> **Goal of the exercise**: Every line below that carries the word "Defs" needs to be copied.

________

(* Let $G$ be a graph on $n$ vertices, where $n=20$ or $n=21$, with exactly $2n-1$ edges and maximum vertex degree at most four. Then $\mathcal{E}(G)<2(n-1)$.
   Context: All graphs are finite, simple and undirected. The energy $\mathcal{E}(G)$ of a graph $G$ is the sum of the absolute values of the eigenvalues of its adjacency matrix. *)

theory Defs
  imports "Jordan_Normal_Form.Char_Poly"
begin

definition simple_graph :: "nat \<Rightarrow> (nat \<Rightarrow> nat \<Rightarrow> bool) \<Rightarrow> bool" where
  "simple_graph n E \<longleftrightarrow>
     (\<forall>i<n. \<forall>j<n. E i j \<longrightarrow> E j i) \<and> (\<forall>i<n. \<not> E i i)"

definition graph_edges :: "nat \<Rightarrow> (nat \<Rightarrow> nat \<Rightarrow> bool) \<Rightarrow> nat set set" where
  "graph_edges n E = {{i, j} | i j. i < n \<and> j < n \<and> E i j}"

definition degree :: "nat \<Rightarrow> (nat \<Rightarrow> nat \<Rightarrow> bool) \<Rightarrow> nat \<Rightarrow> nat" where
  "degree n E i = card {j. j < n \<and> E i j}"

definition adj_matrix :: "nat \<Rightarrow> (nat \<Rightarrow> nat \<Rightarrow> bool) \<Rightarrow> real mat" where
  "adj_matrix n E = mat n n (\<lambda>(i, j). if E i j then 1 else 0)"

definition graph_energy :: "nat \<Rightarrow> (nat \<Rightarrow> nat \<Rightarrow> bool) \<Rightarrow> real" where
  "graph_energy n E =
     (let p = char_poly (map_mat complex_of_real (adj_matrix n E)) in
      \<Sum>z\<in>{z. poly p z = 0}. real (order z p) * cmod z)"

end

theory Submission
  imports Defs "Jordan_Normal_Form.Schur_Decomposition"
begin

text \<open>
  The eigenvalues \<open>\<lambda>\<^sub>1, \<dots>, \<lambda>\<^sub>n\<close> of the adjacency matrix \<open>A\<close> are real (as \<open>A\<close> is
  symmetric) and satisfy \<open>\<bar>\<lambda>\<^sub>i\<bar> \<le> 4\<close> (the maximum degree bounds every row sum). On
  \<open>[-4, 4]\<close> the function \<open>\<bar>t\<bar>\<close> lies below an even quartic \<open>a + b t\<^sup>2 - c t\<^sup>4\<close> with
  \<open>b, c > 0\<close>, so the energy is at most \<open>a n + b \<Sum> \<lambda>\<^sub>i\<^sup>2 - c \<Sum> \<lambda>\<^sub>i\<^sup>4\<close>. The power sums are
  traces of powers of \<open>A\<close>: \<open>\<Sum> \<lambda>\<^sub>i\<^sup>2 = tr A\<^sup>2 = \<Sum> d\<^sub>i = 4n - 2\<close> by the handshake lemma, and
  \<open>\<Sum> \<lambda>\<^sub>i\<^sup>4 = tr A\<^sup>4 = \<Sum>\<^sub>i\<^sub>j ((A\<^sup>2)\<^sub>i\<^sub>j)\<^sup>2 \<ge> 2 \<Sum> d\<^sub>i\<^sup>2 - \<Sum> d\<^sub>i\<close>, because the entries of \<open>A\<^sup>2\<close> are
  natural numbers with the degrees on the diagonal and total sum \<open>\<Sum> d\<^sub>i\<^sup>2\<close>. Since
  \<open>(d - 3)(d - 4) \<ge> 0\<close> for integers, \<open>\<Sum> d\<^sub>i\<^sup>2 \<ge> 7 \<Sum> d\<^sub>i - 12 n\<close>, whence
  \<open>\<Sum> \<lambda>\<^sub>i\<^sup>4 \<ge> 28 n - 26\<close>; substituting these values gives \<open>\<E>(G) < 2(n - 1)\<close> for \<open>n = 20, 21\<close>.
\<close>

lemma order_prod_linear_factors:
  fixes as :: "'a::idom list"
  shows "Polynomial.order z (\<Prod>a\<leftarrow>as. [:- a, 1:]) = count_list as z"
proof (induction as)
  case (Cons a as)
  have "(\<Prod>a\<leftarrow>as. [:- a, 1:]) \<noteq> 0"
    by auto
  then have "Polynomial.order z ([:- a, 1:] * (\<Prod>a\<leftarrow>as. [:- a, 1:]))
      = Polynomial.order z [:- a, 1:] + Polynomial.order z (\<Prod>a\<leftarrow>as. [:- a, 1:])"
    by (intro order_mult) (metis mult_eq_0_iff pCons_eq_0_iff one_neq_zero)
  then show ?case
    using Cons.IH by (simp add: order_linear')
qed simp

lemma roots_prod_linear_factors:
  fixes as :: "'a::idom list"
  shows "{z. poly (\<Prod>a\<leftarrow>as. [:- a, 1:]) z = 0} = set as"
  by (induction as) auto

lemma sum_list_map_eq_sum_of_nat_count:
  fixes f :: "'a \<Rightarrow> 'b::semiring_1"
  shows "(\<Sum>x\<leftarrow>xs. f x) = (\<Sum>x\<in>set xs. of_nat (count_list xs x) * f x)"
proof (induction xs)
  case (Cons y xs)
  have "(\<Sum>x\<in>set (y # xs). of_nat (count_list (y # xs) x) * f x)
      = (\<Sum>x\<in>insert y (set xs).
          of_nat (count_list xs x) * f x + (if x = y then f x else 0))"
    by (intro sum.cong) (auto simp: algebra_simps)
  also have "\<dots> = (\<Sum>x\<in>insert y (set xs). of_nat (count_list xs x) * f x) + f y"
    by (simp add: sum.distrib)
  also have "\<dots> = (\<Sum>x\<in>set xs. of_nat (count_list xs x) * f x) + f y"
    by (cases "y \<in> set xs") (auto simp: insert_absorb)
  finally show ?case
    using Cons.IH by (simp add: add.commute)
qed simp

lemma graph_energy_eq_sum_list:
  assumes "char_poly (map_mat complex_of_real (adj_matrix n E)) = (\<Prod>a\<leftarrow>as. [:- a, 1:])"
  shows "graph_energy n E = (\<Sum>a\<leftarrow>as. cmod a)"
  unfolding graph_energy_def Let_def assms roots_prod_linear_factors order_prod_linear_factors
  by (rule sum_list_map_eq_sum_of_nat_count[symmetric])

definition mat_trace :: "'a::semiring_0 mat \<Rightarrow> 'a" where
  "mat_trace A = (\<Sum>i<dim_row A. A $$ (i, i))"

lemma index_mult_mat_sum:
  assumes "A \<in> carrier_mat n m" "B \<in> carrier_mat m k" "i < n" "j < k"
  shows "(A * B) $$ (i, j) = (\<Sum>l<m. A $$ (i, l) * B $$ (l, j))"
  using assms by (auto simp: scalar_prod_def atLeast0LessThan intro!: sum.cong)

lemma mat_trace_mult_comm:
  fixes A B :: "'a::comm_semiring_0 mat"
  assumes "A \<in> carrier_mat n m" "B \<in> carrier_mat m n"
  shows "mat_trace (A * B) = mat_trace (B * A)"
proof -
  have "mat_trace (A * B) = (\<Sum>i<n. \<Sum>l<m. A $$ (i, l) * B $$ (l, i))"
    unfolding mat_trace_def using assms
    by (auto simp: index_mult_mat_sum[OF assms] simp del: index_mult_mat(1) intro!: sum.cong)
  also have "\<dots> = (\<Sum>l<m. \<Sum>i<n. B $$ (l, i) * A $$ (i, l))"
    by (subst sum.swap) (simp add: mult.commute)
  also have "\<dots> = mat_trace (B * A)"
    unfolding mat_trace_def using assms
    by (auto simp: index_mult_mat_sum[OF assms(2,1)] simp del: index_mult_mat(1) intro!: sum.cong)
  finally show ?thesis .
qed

________

> **Solution**:
theory Defs
  imports Defs "Jordan_Normal_Form.Schur_Decomposition"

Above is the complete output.